Taking into account that the integrals involved in (5.1) rest unchanged if \(\varLambda \) and \(\varLambda _j, j=1,2\) are changed, and squeezing the curve \(\varLambda \) around the crack we obtain that the restriction (5.1) is equivalent to the following one:

$$\begin{aligned} {\text {Re}} \left\{ \int _U^V \left( b_1 \varPsi _1^{+}(t) + b_2 \varPsi _2^{+}(t) \right) dt + \int _U^V \left( b_1 \varPsi _1^{-}(t) + b_2 \varPsi _2^{-}(t) \right) dt \right\} = 0. \end{aligned}$$

(5.2)

Using the relations (2.27) and (2.28), the uniformity of \(u_1\) will be assured if and only if the following condition is satisfied for all three cracks:

$$\begin{aligned} \int _U^V \left( b_1 \varPsi _1^{+}(t) + b_2 \varPsi _2^{+}(t) \right) dt = \frac{\varGamma _0}{2} \left\{ p \int _U^V \left( \frac{Q(t)}{i \chi (t)} - 1 \right) dt + \int _U^V\frac{P(t)}{i \chi (t)} dt \right\} , \end{aligned}$$

(5.3)

where \(\varGamma _0\) and the polynomial Q(t) [see (2.28) for coefficients] are given by:

$$\begin{aligned} \varGamma _0 = \frac{b_1\mu _2 - b_2\mu _1}{\varDelta }, \quad Q(t) = \alpha _3 t^3 + \alpha _2 t^2 + \alpha _1 t + \alpha _0. \end{aligned}$$

(5.4)

We have (see [2, 11]):

$$\begin{aligned} {\text {Im}} \varGamma _0 = 0. \end{aligned}$$

(5.5)

Since, the limit values \(\varPsi _1^{-}(t)\) and \(\varPsi _2^{-}(t)\) satisfies the equations

$$\begin{aligned} \varPsi _j^{-}(t) = -\varPsi _j^{+}(t) \end{aligned}$$

(5.6)

we can conclude that the condition (5.3) is fulfilled for all three cracks.
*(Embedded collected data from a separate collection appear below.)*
(* Fix $\delta>0$ and an integer $J\ge1$. For each group $g$ let $\mathcal K_{g,\mathrm{fb}}\subseteq\mathcal K_g$ (feedback users) and $\mathcal K_{g,\mathrm{vir}}=(\mathcal K_g\setminus\mathcal K_{g,\mathrm{fb}})\times\{1,\dots,J\}$ (virtual users), with given vectors $\mathbf h_k^{(j)}\in\mathbb C^{MB}$ for $(k,j)\in\mathcal K_{g,\mathrm{vir}}$. Let (R-PF) be the problem: maximize $\alpha$ over $\{\mathbf Q_g\}\in\mathcal Q$, $\{R_g\}$, $\{s_k\}_{k\in\mathcal K_{g,\mathrm{fb}}}$, $\{t_{k,j}\}_{(k,j)\in\mathcal K_{g,\mathrm{vir}}}$, $\alpha$, subject to, for all $g$: $\begin{pmatrix}R_g&\alpha\sqrt{\tau_g|\mathcal K_g|}\\ \alpha\sqrt{\tau_g|\mathcal K_g|}&\sum_{k\in\mathcal K_{g,\mathrm{fb}}}s_k+\frac1J\sum_{(k,j)\in\mathcal K_{g,\mathrm{vir}}}t_{k,j}\end{pmatrix}\succeq\mathbf 0$; $r_k(\{\mathbf Q_\ell\})+\delta^{-1}(1-s_k)\ge R_g$ for $k\in\mathcal K_{g,\mathrm{fb}}$; $r_{k,j}(\{\mathbf Q_\ell\})+\delta^{-1}(1-t_{k,j})\ge R_g$ for $(k,j)\in\mathcal K_{g,\mathrm{vir}}$; $0\le s_k\le1$, $0\le t_{k,j}\le1$. Consider the algorithm that starts from any $\{\tilde{\mathbf Q}_\ell\}\in\mathcal Q$ and at each iteration solves the convex problem obtained from (R-PF) by replacing $r_k$ with $\bar r_k(\cdot\mid\{\tilde{\mathbf Q}_\ell\})$ and $r_{k,j}$ with $\bar r_{k,j}(\cdot\mid\{\tilde{\mathbf Q}_\ell\})$, then sets $\tilde{\mathbf Q}_\ell$ equal to the obtained $\mathbf Q_\ell$ and repeats. Then every limit point of the iterates $(\{\mathbf Q_g\},\{R_g\},\alpha,\{s_k\},\{t_{k,j}\})$ generated by this algorithm is a stationary point of (R-PF).
   Context: Setting: $B$ BSs with $M$ antennas, powers $P_b\ge0$; users partitioned into groups $\mathcal K_1,\dots,\mathcal K_G$; $\mathcal B_g$ the BSs serving group $g$; weights $\tau_g>0$; $\mathbf h_k\in\mathbb C^{MB}$ the stacked channel of user $k$. $\mathcal Q$: tuples of Hermitian PSD $MB\times MB$ matrices $(\mathbf Q_1,\dots,\mathbf Q_G)$ with $\sum_g\mathrm{tr}(\{\mathbf Q_g\}_{b,b})\le P_b$ for all $b$ ($\{\cdot\}_{b,b'}$ the $(b,b')$-th $M\times M$ block) and $\{\mathbf Q_g\}_{b,b'}=\mathbf 0$ if $b\notin\mathcal B_g$ or $b'\notin\mathcal B_g$. For a vector $\mathbf h$ and user of group $g$ define $\rho_g(\mathbf h;\{\mathbf Q_\ell\})=\log_2\big(1+\frac{\mathrm{tr}(\mathbf Q_g\mathbf h\mathbf h^H)}{\sum_{\ell\ne g}\mathrm{tr}(\mathbf Q_\ell\mathbf h\mathbf h^H)+1}\big)$ and $\bar\rho_g(\mathbf h;\{\mathbf Q_\ell\}\mid\{\tilde{\mathbf Q}_\ell\})=\log_2(1+\sum_{\ell=1}^G\mathrm{tr}(\mathbf Q_\ell\mathbf h\mathbf h^H))-\log_2(1+\sum_{\ell\ne g}\mathrm{tr}(\tilde{\mathbf Q}_\ell\mathbf h\mathbf h^H))-\frac{\sum_{\ell\ne g}\mathrm{tr}((\mathbf Q_\ell-\tilde{\mathbf Q}_\ell)\mathbf h\mathbf h^H)}{[1+\sum_{\ell\ne g}\mathrm{tr}(\tilde{\mathbf Q}_\ell\mathbf h\mathbf h^H)]\ln2}$. Then $r_k=\rho_g(\mathbf h_k;\cdot)$, $\bar r_k=\bar\rho_g(\mathbf h_k;\cdot\mid\cdot)$, $r_{k,j}=\rho_g(\mathbf h_k^{(j)};\cdot)$, $\bar r_{k,j}=\bar\rho_g(\mathbf h_k^{(j)};\cdot\mid\cdot)$ for $k\in\mathcal K_g$. A stationary point is a feasible point at which no feasible direction has positive directional derivative of the (max-min reformulated) objective. *)

theory Defs
  imports "HOL-Analysis.Analysis"
begin

text \<open>
  BSs are indexed by a finite type 'b (B = CARD('b)), antennas by a finite type 'm
  (M = CARD('m)); the stacked space C^(MB) is complex^('m \<times> 'b), the entry (m,b)
  being antenna m of BS b.  Hence the (b,b')-th M x M block of an MB x MB matrix Q
  is (\<lambda>m m'. Q $ (m,b) $ (m',b')).
  Groups are indexed by a finite type 'g, users by a finite type 'k, the group of a
  user is grp k, so K_g = {k. grp k = g}.  The virtual-user copies j = 1..J are
  indexed by a finite type 'j (J = CARD('j) \<ge> 1).
  fb is the set of feedback users (K_{g,fb} = fb \<inter> K_g); a user k \<notin> fb
  of group g gives the virtual users (k,j) \<in> K_{g,vir}.
\<close>

type_synonym ('m,'b) cvec = "complex ^ ('m \<times> 'b)"
type_synonym ('m,'b) cmat = "complex ^ ('m \<times> 'b) ^ ('m \<times> 'b)"

definition hermitian :: "('m::finite,'b::finite) cmat \<Rightarrow> bool" where
  "hermitian Q \<longleftrightarrow> (\<forall>i j. Q $ i $ j = cnj (Q $ j $ i))"

definition qform :: "('m::finite,'b::finite) cmat \<Rightarrow> ('m,'b) cvec \<Rightarrow> complex" where
  "qform Q v = (\<Sum>i\<in>UNIV. \<Sum>j\<in>UNIV. cnj (v $ i) * Q $ i $ j * v $ j)"

definition psd :: "('m::finite,'b::finite) cmat \<Rightarrow> bool" where
  "psd Q \<longleftrightarrow> hermitian Q \<and> (\<forall>v. qform Q v \<in> \<real> \<and> 0 \<le> Re (qform Q v))"

text \<open>tr(Q h h^H) = h^H Q h (real for Hermitian Q; we take the real part)\<close>
definition trQh :: "('m::finite,'b::finite) cmat \<Rightarrow> ('m,'b) cvec \<Rightarrow> real" where
  "trQh Q h = Re (\<Sum>i\<in>UNIV. \<Sum>j\<in>UNIV. Q $ i $ j * h $ j * cnj (h $ i))"

definition blocktr :: "('m::finite,'b::finite) cmat \<Rightarrow> 'b \<Rightarrow> real" where
  "blocktr Q b = Re (\<Sum>m\<in>UNIV. Q $ (m,b) $ (m,b))"

definition Qset :: "('b::finite \<Rightarrow> real) \<Rightarrow> ('g::finite \<Rightarrow> 'b set)
                    \<Rightarrow> ('g \<Rightarrow> ('m::finite,'b) cmat) set" where
  "Qset P Bs = {Q. (\<forall>g. psd (Q g))
                 \<and> (\<forall>b. (\<Sum>g\<in>UNIV. blocktr (Q g) b) \<le> P b)
                 \<and> (\<forall>g m b m' b'. (b \<notin> Bs g \<or> b' \<notin> Bs g) \<longrightarrow> Q g $ (m,b) $ (m',b') = 0)}"

definition rho :: "'g::finite \<Rightarrow> ('m::finite,'b::finite) cvec \<Rightarrow> ('g \<Rightarrow> ('m,'b) cmat) \<Rightarrow> real" where
  "rho g h Q = log 2 (1 + trQh (Q g) h / ((\<Sum>l\<in>UNIV - {g}. trQh (Q l) h) + 1))"

definition rhobar :: "'g::finite \<Rightarrow> ('m::finite,'b::finite) cvec \<Rightarrow> ('g \<Rightarrow> ('m,'b) cmat)
                      \<Rightarrow> ('g \<Rightarrow> ('m,'b) cmat) \<Rightarrow> real" where
  "rhobar g h Q Qt =
     log 2 (1 + (\<Sum>l\<in>UNIV. trQh (Q l) h))
     - log 2 (1 + (\<Sum>l\<in>UNIV - {g}. trQh (Qt l) h))
     - (\<Sum>l\<in>UNIV - {g}. trQh (Q l - Qt l) h)
         / ((1 + (\<Sum>l\<in>UNIV - {g}. trQh (Qt l) h)) * ln 2)"

definition psd2 :: "real \<Rightarrow> real \<Rightarrow> real \<Rightarrow> bool" where
  "psd2 a b c \<longleftrightarrow> (\<forall>x y. 0 \<le> a * x\<^sup>2 + 2 * b * x * y + c * y\<^sup>2)"

text \<open>The variables
  s_k exist only for feedback users and t_{k,j} only for non-feedback users; the
  unused coordinates are pinned to 0 in the feasible set.\<close>
type_synonym ('g,'m,'b,'k,'j) pt =
  "('g \<Rightarrow> ('m,'b) cmat) \<times> ('g \<Rightarrow> real) \<times> ('k \<Rightarrow> real) \<times> ('k \<Rightarrow> 'j \<Rightarrow> real) \<times> real"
The uniformity of \(u_2\) is assured if the condition will be satisfied

$$\begin{aligned} \sum _{j=1}^2 \oint _{\varLambda _j} \left( c_j \varPsi _j(z_j)dz_j + \overline{c_j \varPsi _j(z_j)dz_j} \right) = 0. \end{aligned}$$

(5.7)

The above condition is fulfilled if we have satisfied the relations

$$\begin{aligned} \int _U^V \frac{p Q(t) + P(t)}{\chi (t)} dt = 0, \end{aligned}$$

(5.8)

for all three cracks, or, in the equivalent form:

$$\begin{aligned} \int _{-(n+2)a}^{-na}\frac{P(t)}{\chi (t)}dt = - p \int _{-(n+2)a}^{-na}\frac{Q(t)}{\chi (t)} , \;\;\;\; \int _{-a}^{a}\frac{P(t)}{\chi (t)}dt = - p \int _{-a}^{a}\frac{Q(t)}{\chi (t)} , \;\;\;\;\nonumber \\ \int _{na}^{(n+2)a}\frac{P(t)}{\chi (t)}dt = - p \int _{na}^{(n+2)a}\frac{Q(t)}{\chi (t)} \end{aligned}$$

(5.9)

where we denoted by P(t) the polynomial:

$$\begin{aligned} P(t) = C_2 t^2 + C_1 t + C_0. \end{aligned}$$

(5.10)

Denoting by

$$\begin{aligned} I_k = \int _{-a}^a \frac{t^k}{\chi (t)} dt, \;\;\; J_k = \int _{na}^{(n+2)a} \frac{t^k}{\chi (t)} dt \end{aligned}$$

(5.11)

observe that

$$\begin{aligned} \int _{-(n+2)a}^{-na} \frac{t^k}{\chi (t)}dt = (-1)^k J_k , \end{aligned}$$

(5.12)

and

$$\begin{aligned} I_{2k+1} = 0 , \;\;\; k = 0, 1, 2, \ldots \end{aligned}$$

(5.13)

with (2.28) the restrictions (5.10) take the following system of algebraic equations:

$$\begin{aligned}&J_0 C_0 - J_1 C_1 + J_2 C_2 = p (J_3 + \alpha _1 J_1) \nonumber \\&I_0 C_0 + I_2 C_2 = 0\nonumber \\&J_0 C_0 + J_1 C_1 + J_2 C_2 = -p (J_3 + \alpha _1 J_1) . \end{aligned}$$

(5.14)

Solving the above system, we get the following values for the coefficients \(C_0, C_1\) and \(C_2\) of the polynomial P(z):

$$\begin{aligned} C_0 = 0, C_1 = - p \left( \frac{J_3}{J_1} + \sigma _1 \right) , C_2 = 0. \end{aligned}$$

(5.15)